Diversification Opportunities for Restaurant Brands and Aritzia

-0.18
  Correlation Coefficient

Good diversification

The 3 months correlation between Restaurant and Aritzia is -0.18. Overlapping area represents the amount of risk that can be diversified away by holding Restaurant Brands Internationa and Aritzia in the same portfolio, assuming nothing else is changed. The correlation between historical prices or returns on Aritzia and Restaurant Brands is a relative statistical measure of the degree to which these equity instruments tend to move together. The correlation coefficient measures the extent to which returns on Restaurant Brands International are associated (or correlated) with Aritzia. Values of the correlation coefficient range from -1 to +1, where. The correlation of zero (0) is possible when the price movement of Aritzia has no effect on the direction of Restaurant Brands i.e., Restaurant Brands and Aritzia go up and down completely randomly.

Pair Corralation between Restaurant Brands and Aritzia

Assuming the 90 days trading horizon Restaurant Brands International is expected to generate 0.41 times more return on investment than Aritzia. However, Restaurant Brands International is 2.45 times less risky than Aritzia. It trades about 0.03 of its potential returns per unit of risk. Aritzia is currently generating about 0.01 per unit of risk. If you would invest  8,667  in Restaurant Brands International on August 30, 2024 and sell it today you would earn a total of  1,179  from holding Restaurant Brands International or generate 13.6% return on investment over 90 days.
Time Period3 Months [change]
DirectionMoves Against 
StrengthInsignificant
Accuracy100.0%
ValuesDaily Returns

Restaurant Brands Internationa  vs.  Aritzia

 Performance 
       Timeline  
Restaurant Brands 

Risk-Adjusted Performance

6 of 100

 
Weak
 
Strong
Modest
Compared to the overall equity markets, risk-adjusted returns on investments in Restaurant Brands International are ranked lower than 6 (%) of all global equities and portfolios over the last 90 days. In spite of very healthy basic indicators, Restaurant Brands is not utilizing all of its potentials. The newest stock price disarray, may contribute to short-term losses for the investors.
Aritzia 

Risk-Adjusted Performance

0 of 100

 
Weak
 
Strong
Weak
Over the last 90 days Aritzia has generated negative risk-adjusted returns adding no value to investors with long positions. In spite of very healthy basic indicators, Aritzia is not utilizing all of its potentials. The recent stock price disarray, may contribute to short-term losses for the investors.

Restaurant Brands and Aritzia Volatility Contrast

   Predicted Return Density   
       Returns  

Pair Trading with Restaurant Brands and Aritzia

The main advantage of trading using opposite Restaurant Brands and Aritzia positions is that it hedges away some unsystematic risk.

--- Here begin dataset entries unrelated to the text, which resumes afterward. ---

(* Let $M,N,d$ be positive integers with $d>N$. For $i=1,\dots,M$ let $X_i\in\mathbb{R}^{N\times d}$ have full row rank $N$, let $w_i^*\in\mathbb{R}^d$, $z_i\in\mathbb{R}^N$, and $y_i = X_i w_i^* + z_i\in\mathbb{R}^N$. Consider Local-GD for linear regression: given $w_0^0\in\mathbb{R}^d$, for $k=0,1,2,\dots$ each node $i$ runs gradient descent $w\mapsto w-\eta\nabla f_i(w)$ on $f_i(w)=\frac{1}{2N}\|y_i-X_iw\|^2$ initialized at $w_0^k$, with a constant step size $\eta$ small enough for convergence, until convergence, and sets $w_i^{k+1}$ to be the limit of these iterates; then $w_0^{k+1}=\frac1M\sum_{i=1}^M w_i^{k+1}$. Let $P_i=X_i^T(X_iX_i^T)^{-1}X_i$, $X_i^{\dagger}=X_i^T(X_iX_i^T)^{-1}$, $\bar P=\frac1M\sum_{i=1}^M P_i$, $\bar Q=\frac1M\sum_{i=1}^M P_iw_i^*$, $\bar Z=\frac1M\sum_{i=1}^M X_i^{\dagger}z_i$. Then for every $K\ge 0$, $$w_0^K=(I-\bar P)^K w_0^0+\sum_{k=0}^{K-1}(I-\bar P)^k(\bar Q+\bar Z).$$
   Context: This is the distributed setting with $M$ compute nodes, node $i$ holding the data matrix $X_i$ (rows are samples) and label vector $y_i$; "local models are exactly solved" means each local gradient descent is run to convergence in every communication round. $I$ denotes the $d\times d$ identity. *)

theory Defs
  imports "HOL-Analysis.Analysis"
begin

definition loss :: "real^'d^'n \<Rightarrow> real^'n \<Rightarrow> real^'d \<Rightarrow> real" where
  "loss X y w = (1 / (2 * real CARD('n))) * (norm (y - X *v w))^2"

definition grad :: "(real^'d \<Rightarrow> real) \<Rightarrow> real^'d \<Rightarrow> real^'d" where
  "grad f w = (THE D. GDERIV f w :> D)"

definition gd_step :: "real \<Rightarrow> (real^'d \<Rightarrow> real) \<Rightarrow> real^'d \<Rightarrow> real^'d" where
  "gd_step eta f w = w - eta *\<^sub>R grad f w"

definition gd_limit :: "real \<Rightarrow> (real^'d \<Rightarrow> real) \<Rightarrow> real^'d \<Rightarrow> real^'d" where
  "gd_limit eta f w = lim (\<lambda>t. (gd_step eta f ^^ t) w)"

primrec local_gd :: "nat \<Rightarrow> real \<Rightarrow> (nat \<Rightarrow> real^'d^'n) \<Rightarrow> (nat \<Rightarrow> real^'n)
                      \<Rightarrow> real^'d \<Rightarrow> nat \<Rightarrow> real^'d" where
  "local_gd M eta X y w00 0 = w00"
| "local_gd M eta X y w00 (Suc k) =
     (1 / real M) *\<^sub>R (\<Sum>i<M. gd_limit eta (loss (X i) (y i)) (local_gd M eta X y w00 k))"

primrec matpow :: "real^'d^'d \<Rightarrow> nat \<Rightarrow> real^'d^'d" where
  "matpow A 0 = mat 1"
| "matpow A (Suc k) = A ** matpow A k"

end

theory Submission
  imports Defs
begin

text \<open>Gradient descent on the least-squares loss of a full-row-rank matrix \<open>X\<close> only moves
  along the row space of \<open>X\<close>, and its limit is a stationary point, i.e. an interpolating solution
  \<open>X w = y\<close>. Hence each exactly solved local model is the orthogonal projection of the starting
  point onto the affine space \<open>{w. X w = y}\<close>, namely \<open>w + X\<^sup>\<dagger>(y - X w)\<close>. Averaging these
  projections makes the server iterate an affine recursion \<open>w \<mapsto> (I - P) w + (Q + Z)\<close>, which
  unrolls to the claimed closed form.\<close>

lemma grad_eqI: "GDERIV f w :> D \<Longrightarrow> grad f w = D"
proof (unfold grad_def, rule the_equality)
  fix D' assume D: "GDERIV f w :> D" and D': "GDERIV f w :> D'"
  have "(\<lambda>h. h \<bullet> D') = (\<lambda>h. h \<bullet> D)"
    using D D' unfolding gderiv_def by (rule has_derivative_unique[rotated])
  then have "(D' - D) \<bullet> D' = (D' - D) \<bullet> D"
    by (rule fun_cong)
  then have "(D' - D) \<bullet> (D' - D) = 0"
    by (simp add: inner_diff_right)
  then show "D' = D" by simp
qed

lemma GDERIV_loss:
  fixes X :: "real^'d^'n" and y :: "real^'n"
  shows "GDERIV (loss X y) w :> (1 / real CARD('n)) *\<^sub>R (transpose X *v (X *v w - y))"
proof -
  have loss_eq: "loss X y = (\<lambda>w. (1 / (2 * real CARD('n))) * ((X *v w - y) \<bullet> (X *v w - y)))"
    by (simp add: fun_eq_iff loss_def power2_norm_eq_inner inner_diff_left inner_diff_right inner_commute)
  have adjoint: "(X *v h) \<bullet> v = h \<bullet> (v v* X)" "v \<bullet> (X *v h) = h \<bullet> (v v* X)" for h v
    by (metis dot_lmul_matrix inner_commute)+
  have "((*v) X has_derivative (*v) X) (at w)"
    by (simp add: bounded_linear_imp_has_derivative)
  then show ?thesis
    unfolding gderiv_def loss_eq
    by (auto intro!: derivative_eq_intros elim!: has_derivative_eq_rhs simp: fun_eq_iff adjoint)
qed

lemma gd_step_loss:
  fixes X :: "real^'d^'n"
  shows "gd_step eta (loss X y) w = w - (eta / real CARD('n)) *\<^sub>R (transpose X *v (X *v w - y))"
  unfolding gd_step_def grad_eqI[OF GDERIV_loss] by simp

lemma funpow_diff_in_subspace:
  assumes "subspace S" and "\<And>v. g v - v \<in> S"
  shows "(g ^^ t) w - w \<in> S"
proof (induction t)
  case 0
  show ?case using subspace_0[OF assms(1)] by simp
next
  case (Suc t)
  have "(g ((g ^^ t) w) - (g ^^ t) w) + ((g ^^ t) w - w) \<in> S"
    by (rule subspace_add[OF assms(1) assms(2) Suc])
  then show ?case by simp
qed

lemma funpow_limit_fixpoint:
  assumes "(\<lambda>t. (g ^^ t) w) \<longlonglongrightarrow> L" and "isCont g L"
  shows "g L = L"
proof (rule LIMSEQ_unique)
  show "(\<lambda>t. g ((g ^^ t) w)) \<longlonglongrightarrow> g L"
    using assms by (rule isCont_tendsto_compose[rotated])
  show "(\<lambda>t. g ((g ^^ t) w)) \<longlonglongrightarrow> L"
    using LIMSEQ_Suc[OF assms(1)] by simp
qed

lemma invertible_gram:
  fixes X :: "real^'d^'n"
  assumes "inj ((*v) (transpose X))"
  shows "invertible (X ** transpose X)"
proof -
  have "v = 0" if "(X ** transpose X) *v v = 0" for v
  proof -
    have "(transpose X *v v) \<bullet> (transpose X *v v) = v \<bullet> ((X ** transpose X) *v v)"
      by (simp add: dot_lmul_matrix flip: matrix_vector_mul_assoc)
    then have "transpose X *v v = transpose X *v 0"
      using that by simp
    then show "v = 0" by (rule injD[OF assms])
  qed
  then have "\<exists>B. B ** (X ** transpose X) = mat 1"
    using matrix_left_invertible_ker by blast
  then show ?thesis
    by (simp add: invertible_left_inverse)
qed

lemma matrix_inv_inverse:
  assumes "invertible A"
  shows "A ** matrix_inv A = mat 1" and "matrix_inv A ** A = mat 1"
  using someI_ex[OF assms[unfolded invertible_def]] unfolding matrix_inv_def by simp_all

lemma gd_limit_loss:
  fixes X :: "real^'d^'n"
  assumes inj: "inj ((*v) (transpose X))" and "eta > 0"
    and conv: "convergent (\<lambda>t. (gd_step eta (loss X y) ^^ t) w)"
  shows "gd_limit eta (loss X y) w = w + transpose X *v (matrix_inv (X ** transpose X) *v (y - X *v w))"
proof -
  define g where "g = gd_step eta (loss X y)"
  define G where "G = X ** transpose X"
  define R where "R = range ((*v) (transpose X))"
  define L where "L = gd_limit eta (loss X y) w"
  have g: "g = (\<lambda>v. v - (eta / real CARD('n)) *\<^sub>R (transpose X *v (X *v v - y)))"
    by (simp add: fun_eq_iff g_def gd_step_loss del: transpose_matrix_vector)
  have lim: "(\<lambda>t. (g ^^ t) w) \<longlonglongrightarrow> L"
    using conv by (simp add: L_def gd_limit_def g_def convergent_LIMSEQ_iff)
  have R: "subspace R"
    unfolding R_def by (intro linear_subspace_image matrix_vector_mul_linear subspace_UNIV)
  have iterates_in_R: "(g ^^ t) w - w \<in> R" for t
  proof (rule funpow_diff_in_subspace[OF R])
    fix v
    have "transpose X *v (X *v v - y) \<in> R"
      unfolding R_def by (rule rangeI)
    then have "- ((eta / real CARD('n)) *\<^sub>R (transpose X *v (X *v v - y))) \<in> R"
      by (intro subspace_neg subspace_scale R)
    then show "g v - v \<in> R"
      by (simp add: g del: transpose_matrix_vector)
  qed
  have "(\<lambda>t. (g ^^ t) w - w) \<longlonglongrightarrow> L - w"
    by (intro tendsto_diff lim tendsto_const)
  then have "L - w \<in> R"
    by (rule closed_sequentially[OF closed_subspace[OF R] iterates_in_R])
  then obtain a where a: "L = w + transpose X *v a"
    unfolding R_def by (metis add.commute diff_add_cancel rangeE)
  have "isCont g L"
    unfolding g
    by (intro continuous_intros bounded_linear.continuous[OF matrix_vector_mul_bounded_linear])
  then have "g L = L"
    by (rule funpow_limit_fixpoint[OF lim])
  then have "transpose X *v (X *v L - y) = transpose X *v 0"
    using \<open>eta > 0\<close> by (simp add: g del: transpose_matrix_vector)
  then have "X *v L - y = 0"
    by (rule injD[OF inj])
  then have "G *v a = y - X *v w"
    by (simp add: a G_def matrix_vector_right_distrib matrix_vector_mul_assoc eq_diff_eq add.commute
        del: transpose_matrix_vector)
  then have "a = matrix_inv G *v (y - X *v w)"
    using matrix_inv_inverse[OF invertible_gram[OF inj]]
    by (metis G_def matrix_vector_mul_assoc matrix_vector_mul_lid)
  then show ?thesis
    using a by (simp add: L_def G_def)
qed

lemma gd_limit_loss_projection:
  fixes X :: "real^'d^'n"
  assumes "rank X = CARD('n)" and "y = X *v ws + z" and "eta > 0"
    and "convergent (\<lambda>t. (gd_step eta (loss X y) ^^ t) w)"
  defines "P \<equiv> transpose X ** matrix_inv (X ** transpose X) ** X"
    and "D \<equiv> transpose X ** matrix_inv (X ** transpose X)"
  shows "gd_limit eta (loss X y) w = w - P *v w + P *v ws + D *v z"
proof -
  have inj: "inj ((*v) (transpose X))"
    using assms(1) full_rank_injective[of "transpose X"] by (simp add: rank_transpose)
  show ?thesis
    unfolding gd_limit_loss[OF inj assms(3,4)] unfolding P_def D_def assms(2)
    by (simp add: matrix_vector_mul_assoc matrix_mul_assoc algebra_simps del: transpose_matrix_vector)
qed

lemma sum_matrix_vector_mult: "sum F S *v v = (\<Sum>i\<in>S. F i *v v)"
  by (induction S rule: infinite_finite_induct) (simp_all add: matrix_vector_mult_add_rdistrib)

lemma matpow_affine_recurrence:
  assumes "\<And>k. u (Suc k) = A *v u k + b"
  shows "u K = matpow A K *v u 0 + (\<Sum>k<K. matpow A k *v b)"
proof (induction K)
  case 0
  show ?case by simp
next
  case (Suc K)
  have "u (Suc K) = A *v (matpow A K *v u 0 + (\<Sum>k<K. matpow A k *v b)) + b"
    by (simp add: assms Suc)
  also have "\<dots> = matpow A (Suc K) *v u 0 + (\<Sum>k<Suc K. matpow A k *v b)"
    by (simp add: matrix_vector_right_distrib vec.sum matrix_vector_mul_assoc sum.lessThan_Suc_shift
        del: sum.lessThan_Suc)
  finally show ?case .
qed

theorem lemma1:
  fixes M :: nat and eta :: real
    and X :: "nat \<Rightarrow> real^'d^'n" and wstar :: "nat \<Rightarrow> real^'d"
    and z :: "nat \<Rightarrow> real^'n" and y :: "nat \<Rightarrow> real^'n"
    and w00 :: "real^'d" and K :: nat
  assumes "M \<ge> 1"
    and "CARD('d) > CARD('n)"
    and "\<And>i. i < M \<Longrightarrow> rank (X i) = CARD('n)"
    and "\<And>i. i < M \<Longrightarrow> y i = X i *v wstar i + z i"
    and "eta > 0"
    and "\<And>i w. i < M \<Longrightarrow> convergent (\<lambda>t. (gd_step eta (loss (X i) (y i)) ^^ t) w)"
  shows "local_gd M eta X y w00 K =
     matpow (mat 1 - (1 / real M) *\<^sub>R (\<Sum>i<M. transpose (X i) ** matrix_inv (X i ** transpose (X i)) ** X i)) K *v w00
     + (\<Sum>k<K. matpow (mat 1 - (1 / real M) *\<^sub>R (\<Sum>i<M. transpose (X i) ** matrix_inv (X i ** transpose (X i)) ** X i)) k
          *v ((1 / real M) *\<^sub>R (\<Sum>i<M. (transpose (X i) ** matrix_inv (X i ** transpose (X i)) ** X i) *v wstar i)
              + (1 / real M) *\<^sub>R (\<Sum>i<M. (transpose (X i) ** matrix_inv (X i ** transpose (X i))) *v z i)))"
proof -
  define P where "P i = transpose (X i) ** matrix_inv (X i ** transpose (X i)) ** X i" for i
  define D where "D i = transpose (X i) ** matrix_inv (X i ** transpose (X i))" for i
  define A where "A = mat 1 - (1 / real M) *\<^sub>R (\<Sum>i<M. P i)"
  define b where "b = (1 / real M) *\<^sub>R (\<Sum>i<M. P i *v wstar i) + (1 / real M) *\<^sub>R (\<Sum>i<M. D i *v z i)"
  have server_round: "local_gd M eta X y w00 (Suc k) = A *v local_gd M eta X y w00 k + b" for k
  proof -
    let ?w = "local_gd M eta X y w00 k"
    have "local_gd M eta X y w00 (Suc k)
        = (1 / real M) *\<^sub>R (\<Sum>i<M. ?w - P i *v ?w + P i *v wstar i + D i *v z i)"
      using gd_limit_loss_projection[OF assms(3,4,5,6)] by (simp add: P_def D_def)
    also have "\<dots> = A *v ?w + b"
      using assms(1)
      by (simp add: A_def b_def sum.distrib sum_subtractf sum_constant_scaleR algebra_simps
          sum_matrix_vector_mult scaleR_matrix_vector_assoc[symmetric] del: sum_constant)
    finally show ?thesis .
  qed
  show ?thesis
    using matpow_affine_recurrence[where u = "local_gd M eta X y w00", OF server_round]
    unfolding A_def b_def P_def D_def by simp
qed

end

Because of two separate transactions, even if Restaurant Brands position performs unexpectedly, Aritzia can make up some of the losses. Pair trading also minimizes risk from directional movements in the market. For example, if an entire industry or sector drops because of unexpected headlines, the short position in Aritzia will offset losses from the drop in Aritzia's long position.
The idea behind Restaurant Brands International and Aritzia pairs trading is to make the combined position market-neutral, meaning the overall market's direction will not affect its win or loss (or potential downside or upside). This can be achieved by designing a pairs trade with two highly correlated stocks or equities that operate in a similar space or sector, making it possible to obtain profits through simple and relatively low-risk investment.
Check out your portfolio center.
Note that this page's information should be used as a complementary analysis to find the right mix of equity instruments to add to your existing portfolios or create a brand new portfolio. You can also try the Volatility Analysis module to get historical volatility and risk analysis based on latest market data.